Batı’nın ‘Çevreleme’ Politikası: Lavrov’dan Sert Eleştiriler

Lavrov, Batılı ülkelerin Ukrayna ile birleşerek Rusya’yı izole etmeye çalıştığını, bu yaklaşımın “stratejik yenilgi” hedeflediğini savunuyor. Avrupa Birliği’nden gelen açıklamaların da barış görüşmelerini baltalamaya yönelik olduğunu iddia ediyor. Bu söylemler, Rusya’nın Batı ile yaşadığı derin güvensizliği ve gerginliği açıkça ortaya koyuyor.

Peki, bu “stratejik yenilgi” hedefi ne anlama geliyor? Rusya, Batı’nın kendisine karşı topyekûn bir savaş yürüttüğünü, Ukrayna’yı kullanarak kendisini zayıflatmaya çalıştığını düşünüyor. Bu algı, Rusya’nın Ukrayna’daki askeri operasyonlarını haklı çıkarma çabası olarak da yorumlanabilir.

Putin-Zelenskiy Görüşmesi: Umut Var mı?

Lavrov, Rusya Devlet Başkanı Vladimir Putin’in, Ukrayna Devlet Başkanı Volodimir Zelenskiy ile tüm konuların en üst düzeyde ele alınması şartıyla görüşmeye hazır olduğunu da belirtti. Ancak burada önemli bir nokta var: Lavrov, gelecekteki olası anlaşmaların imzalanması için Ukrayna tarafındaki “meşruiyet” meselesinin netleşmesi gerektiğini vurguladı. Bu, Rusya’nın Zelenskiy hükümetinin meşruiyetini sorguladığı anlamına geliyor. Özellikle savaşın uzamasıyla birlikte, Ukrayna’daki siyasi dengelerin ne yönde değişeceği merak konusu.

Bu “meşruiyet” meselesi, Rusya’nın müzakerelere ne kadar istekli olduğu konusunda soru işaretleri yaratıyor. Acaba Rusya, Ukrayna’da daha “kendine yakın” bir hükümetin iş başına gelmesini mi bekliyor? Bu sorunun cevabı, savaşın geleceği açısından kritik önem taşıyor.

Peki Şimdi Ne Olacak?

Lavrov’un açıklamaları, Rusya’nın müzakere kapısını tamamen kapatmadığını gösteriyor. Ancak, sürecin önünde hala aşılması gereken ciddi engeller var. Batı’nın tutumu, Ukrayna’daki siyasi gelişmeler ve en önemlisi, savaşın seyrini belirleyecek olan askeri operasyonlar, müzakerelerin geleceğini şekillendirecek.

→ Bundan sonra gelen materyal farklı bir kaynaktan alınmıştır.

(* Let $n\ge1$, $m\in\mathbb{N}$, $\mathcal{Q}_m=\bigoplus_{t=0}^mH_t\subseteq H^2(\mathbb{T}^n)$ and $p\in\mathcal{Q}_m$. There exists $f\in\mathcal{Q}_m^\perp$ (orthogonal complement in $H^2(\mathbb{T}^n)$) such that $p+f\in\mathcal{S}(\mathbb{D}^n)$ if and only if $S_p=P_{\mathcal{Q}_m}T_p|_{\mathcal{Q}_m}$ is a contraction and admits a lift, i.e. there is $\varphi\in\mathcal{S}(\mathbb{D}^n)$ with $S_p=P_{\mathcal{Q}_m}T_\varphi|_{\mathcal{Q}_m}$.
   Context: $H_t$ is the space of homogeneous polynomials of degree $t$ in $z_1,\dots,z_n$, viewed inside the Hardy space $H^2(\mathbb{T}^n)$; $\mathcal{Q}_m$ is thus the space of polynomials of degree at most $m$. $T_\varphi f=\varphi f$, $P_{\mathcal{Q}_m}$ the orthogonal projection onto $\mathcal{Q}_m$, $\mathcal{S}(\mathbb{D}^n)$ the closed unit ball of $H^\infty(\mathbb{D}^n)$ with sup norm. *)

theory Defs
  imports "HOL-Analysis.Analysis"
begin

(* Functions in H^2(T^n) are identified with their Taylor/Fourier coefficient
   families indexed by multi-indices alpha in N^n, encoded as alpha :: nat => nat
   with alpha i = 0 for i >= n. *)

definition multi_idx :: "nat \<Rightarrow> (nat \<Rightarrow> nat) set" where
  "multi_idx n = {\<alpha>. \<forall>i\<ge>n. \<alpha> i = 0}"

definition mdeg :: "nat \<Rightarrow> (nat \<Rightarrow> nat) \<Rightarrow> nat" where
  "mdeg n \<alpha> = (\<Sum>i<n. \<alpha> i)"

definition H2 :: "nat \<Rightarrow> ((nat \<Rightarrow> nat) \<Rightarrow> complex) set" where
  "H2 n = {c. (\<forall>\<alpha>. \<alpha> \<notin> multi_idx n \<longrightarrow> c \<alpha> = 0) \<and>
              (\<lambda>\<alpha>. (norm (c \<alpha>))\<^sup>2) summable_on multi_idx n}"

definition h2_inner :: "nat \<Rightarrow> ((nat \<Rightarrow> nat) \<Rightarrow> complex) \<Rightarrow> ((nat \<Rightarrow> nat) \<Rightarrow> complex) \<Rightarrow> complex" where
  "h2_inner n f g = infsum (\<lambda>\<alpha>. f \<alpha> * cnj (g \<alpha>)) (multi_idx n)"

definition h2_norm :: "nat \<Rightarrow> ((nat \<Rightarrow> nat) \<Rightarrow> complex) \<Rightarrow> real" where
  "h2_norm n f = sqrt (infsum (\<lambda>\<alpha>. (norm (f \<alpha>))\<^sup>2) (multi_idx n))"

definition Qm :: "nat \<Rightarrow> nat \<Rightarrow> ((nat \<Rightarrow> nat) \<Rightarrow> complex) set" where
  "Qm n m = {c \<in> H2 n. \<forall>\<alpha>. mdeg n \<alpha> > m \<longrightarrow> c \<alpha> = 0}"

definition Qm_perp :: "nat \<Rightarrow> nat \<Rightarrow> ((nat \<Rightarrow> nat) \<Rightarrow> complex) set" where
  "Qm_perp n m = {f \<in> H2 n. \<forall>q \<in> Qm n m. h2_inner n f q = 0}"

definition proj_Qm :: "nat \<Rightarrow> nat \<Rightarrow> ((nat \<Rightarrow> nat) \<Rightarrow> complex) \<Rightarrow> ((nat \<Rightarrow> nat) \<Rightarrow> complex)" where
  "proj_Qm n m f = (\<lambda>\<alpha>. if \<alpha> \<in> multi_idx n \<and> mdeg n \<alpha> \<le> m then f \<alpha> else 0)"

text \<open>Multiplication operator T_phi f = phi f (Cauchy product of coefficients);
  used only for f a polynomial, where all sums are finite.\<close>
definition mult_op :: "nat \<Rightarrow> ((nat \<Rightarrow> nat) \<Rightarrow> complex) \<Rightarrow> ((nat \<Rightarrow> nat) \<Rightarrow> complex) \<Rightarrow> ((nat \<Rightarrow> nat) \<Rightarrow> complex)" where
  "mult_op n \<phi> f = (\<lambda>\<alpha>. if \<alpha> \<in> multi_idx n then
      (\<Sum>\<beta>\<in>{\<beta>. \<forall>i. \<beta> i \<le> \<alpha> i}. \<phi> \<beta> * f (\<lambda>i. \<alpha> i - \<beta> i)) else 0)"

definition compr :: "nat \<Rightarrow> nat \<Rightarrow> ((nat \<Rightarrow> nat) \<Rightarrow> complex) \<Rightarrow> ((nat \<Rightarrow> nat) \<Rightarrow> complex) \<Rightarrow> ((nat \<Rightarrow> nat) \<Rightarrow> complex)" where
  "compr n m \<phi> f = proj_Qm n m (mult_op n \<phi> f)"

definition monom :: "nat \<Rightarrow> (nat \<Rightarrow> complex) \<Rightarrow> (nat \<Rightarrow> nat) \<Rightarrow> complex" where
  "monom n z \<alpha> = (\<Prod>i<n. z i ^ \<alpha> i)"

definition polydisc :: "nat \<Rightarrow> (nat \<Rightarrow> complex) set" where
  "polydisc n = {z. \<forall>i<n. norm (z i) < 1}"

text \<open>Schur class S(D^n): holomorphic functions on D^n with sup norm <= 1,
  identified with their (absolutely convergent on D^n) Taylor coefficients.\<close>
definition schur :: "nat \<Rightarrow> ((nat \<Rightarrow> nat) \<Rightarrow> complex) \<Rightarrow> bool" where
  "schur n c \<longleftrightarrow> (\<forall>\<alpha>. \<alpha> \<notin> multi_idx n \<longrightarrow> c \<alpha> = 0) \<and>
     (\<forall>z \<in> polydisc n. (\<lambda>\<alpha>. c \<alpha> * monom n z \<alpha>) summable_on multi_idx n \<and>
        norm (infsum (\<lambda>\<alpha>. c \<alpha> * monom n z \<alpha>) (multi_idx n)) \<le> 1)"

end

theory Submission
  imports Defs "HOL-Library.Function_Algebras"
begin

Türkiye, bu süreçte önemli bir rol oynamaya devam ediyor. Hem Rusya hem de Ukrayna ile iyi ilişkileri olan Türkiye, arabuluculuk çabalarını sürdürüyor. Ancak, taraflar arasındaki derin güvensizlik ve farklı beklentiler, işleri zorlaştırıyor. Önümüzdeki aylarda, diplomatik cephede yeni gelişmelerin yaşanması bekleniyor. Bakalım, İstanbul’da başlayan umut ışığı yeniden parlayacak mı?